Exercise requirements:
Your answer must hold only the lines below from the line containing "theory Defs" through the line containing "f \<longleftrightarrow> (\<forall>x.", each reproduced exactly.

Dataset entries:
--- START ---
(* Suppose that Assumptions (A1)–(A4) hold. Then there is a constant $C>0$ depending only on $\alpha$, $\gamma$, the constants in (A1) and (A2), and $\|V\|_{C^2}$ (independent of $\epsilon\in(0,1]$) such that for every solution $(u,m)$ of Problem 1, each of the functions $u$, $u_x$, $m$, $m_x$ has $L^\infty(\mathbb{T})$-norm at most $C/\sqrt{\epsilon}$ and satisfies $|w(x)-w(y)|\le \frac{C}{\sqrt\epsilon}|x-y|^{1/2}$ for all $x,y\in\mathbb{T}$ (where $|x-y|$ is the distance on $\mathbb{T}$). The same holds, with the same constant, if $V$ is replaced by $\lambda V$ for any $\lambda\in[0,1]$.
   Context: Let $\mathbb{T}=\mathbb{R}/\mathbb{Z}$ be the one-dimensional torus; functions on $\mathbb{T}$ are identified with $1$-periodic functions on $\mathbb{R}$. Let $H:\mathbb{R}\to\mathbb{R}$ be of class $C^2$, $V:\mathbb{T}\to\mathbb{R}$ continuous, $\alpha>0$, and $0<\epsilon\le 1$. We say $(u,m)$ solves Problem 1 if $u,m\in C^2(\mathbb{T})$, $m>0$ on $\mathbb{T}$, and on $\mathbb{T}$: $$u-u_{xx}+H(u_x)+V(x)=m^\alpha+\epsilon(m-m_{xx}),\qquad m-m_{xx}-(H'(u_x)m)_x=1-\epsilon(u-u_{xx}).$$ Assumptions: (A1) there exist constants $C_1,C_2,C_3>0$ and $\gamma>1$ such that $-C_1+C_2|p|^\gamma\le H(p)\le C_1+C_3|p|^\gamma$ for all $p\in\mathbb{R}$. (A2) There exist constants $\tilde C_1,\tilde C_2,\tilde C_3>0$ such that $-\tilde C_1+\tilde C_2|p|^\gamma\le pH'(p)-H(p)\le \tilde C_1+\tilde C_3|p|^\gamma$ for all $p$ (same $\gamma$ as in (A1)). (A3) $V$ is of class $C^2$. (A4) $H$ is convex. *)

theory Defs
  imports "HOL-Analysis.Analysis"
begin

text \<open>Functions on the torus R/Z are identified with 1-periodic functions on R.\<close>
definition periodic1 :: "(real \<Rightarrow> real) \<Rightarrow> bool" where
  "periodic1 f \<longleftrightarrow> (\<forall>x. f (x + 1) = f x)"

definition C2 :: "(real \<Rightarrow> real) \<Rightarrow> bool" where
  "C2 f \<longleftrightarrow> (\<exists>f' f''. (\<forall>x. (f has_real_derivative f' x) (at x)) \<and>
                        (\<forall>x. (f' has_real_derivative f'' x) (at x)) \<and>
                        continuous_on UNIV f'')"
--- END ---
Reply:
theory Defs
  imports "HOL-Analysis.Analysis"
begin

text \<open>Functions on the torus R/Z are identified with 1-periodic functions on R.\<close>
definition periodic1 :: "(real \<Rightarrow> real) \<Rightarrow> bool" where
  "periodic1 f \<longleftrightarrow> (\<forall>x. f (x + 1) = f x)"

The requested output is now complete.